- **Requirement**
The response should be an exact copy of every record.

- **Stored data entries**

lemma intensity_A1:
  assumes "is_eigvec N Adj lam x" "dA < lam" "a \<in> A1"
  shows "intensity x a 0 = (x 0)\<^sup>2 / (lam - dA)"
proof -
  have "x a = x 0 / (lam - dA)"
    using eigvec_A1[OF assms(1) _ assms(3)] assms(2) two_le_m1 by (simp add: field_simps)
  then show ?thesis
    by (simp add: intensity_def power2_eq_square)
qed

lemma intensity_B:
  assumes "is_eigvec N Adj lam x" "dB < lam" "b \<in> B"
  shows "intensity x b 0 = (x 0)\<^sup>2 / (lam - dB)"
proof -
  have "0 \<le> dB"
    using two_le_m2 by simp
  then have "x b = x 0 / (lam - dB)"
    using eigvec_B[OF assms(1) _ _ assms(3)] assms(2) by (simp add: field_simps)
  then show ?thesis
    by (simp add: intensity_def power2_eq_square)
qed

lemma eigvec_center_nonzero:
  assumes eig: "is_eigvec N Adj lam x" and "dA < lam" "dB < lam"
  shows "x 0 \<noteq> 0"
proof
  assume "x 0 = 0"
  have "0 < lam"
    using two_le_m1 \<open>dA < lam\<close> by simp
  have "x i = 0" if "i < N" for i
    using that
  proof (cases rule: vertex_cases)
    case 1
    with \<open>x 0 = 0\<close> show ?thesis
      by simp
  next
    case 2
    with eigvec_A1[OF eig] \<open>x 0 = 0\<close> \<open>0 < lam\<close> have "x i * (lam - dA) = 0"
      by simp
    with \<open>dA < lam\<close> show ?thesis
      by simp
  next
    case 3
    with eigvec_B[OF eig] \<open>x 0 = 0\<close> \<open>0 < lam\<close> have "x i * (lam - dB) = 0"
      by simp
    with \<open>dB < lam\<close> show ?thesis
      by simp
  qed
  with eig show False
    unfolding is_eigvec_def by blast
qed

- **Answer below**
lemma intensity_A1:
  assumes "is_eigvec N Adj lam x" "dA < lam" "a \<in> A1"
  shows "intensity x a 0 = (x 0)\<^sup>2 / (lam - dA)"
proof -
  have "x a = x 0 / (lam - dA)"
    using eigvec_A1[OF assms(1) _ assms(3)] assms(2) two_le_m1 by (simp add: field_simps)
  then show ?thesis
    by (simp add: intensity_def power2_eq_square)
qed

lemma intensity_B:
  assumes "is_eigvec N Adj lam x" "dB < lam" "b \<in> B"
  shows "intensity x b 0 = (x 0)\<^sup>2 / (lam - dB)"
proof -
  have "0 \<le> dB"
    using two_le_m2 by simp
  then have "x b = x 0 / (lam - dB)"
    using eigvec_B[OF assms(1) _ _ assms(3)] assms(2) by (simp add: field_simps)
  then show ?thesis
    by (simp add: intensity_def power2_eq_square)
qed

lemma eigvec_center_nonzero:
  assumes eig: "is_eigvec N Adj lam x" and "dA < lam" "dB < lam"
  shows "x 0 \<noteq> 0"
proof
  assume "x 0 = 0"
  have "0 < lam"
    using two_le_m1 \<open>dA < lam\<close> by simp
  have "x i = 0" if "i < N" for i
    using that
  proof (cases rule: vertex_cases)
    case 1
    with \<open>x 0 = 0\<close> show ?thesis
      by simp
  next
    case 2
    with eigvec_A1[OF eig] \<open>x 0 = 0\<close> \<open>0 < lam\<close> have "x i * (lam - dA) = 0"
      by simp
    with \<open>dA < lam\<close> show ?thesis
      by simp
  next
    case 3
    with eigvec_B[OF eig] \<open>x 0 = 0\<close> \<open>0 < lam\<close> have "x i * (lam - dB) = 0"
      by simp
    with \<open>dB < lam\<close> show ?thesis
      by simp
  qed
  with eig show False
    unfolding is_eigvec_def by blast
qed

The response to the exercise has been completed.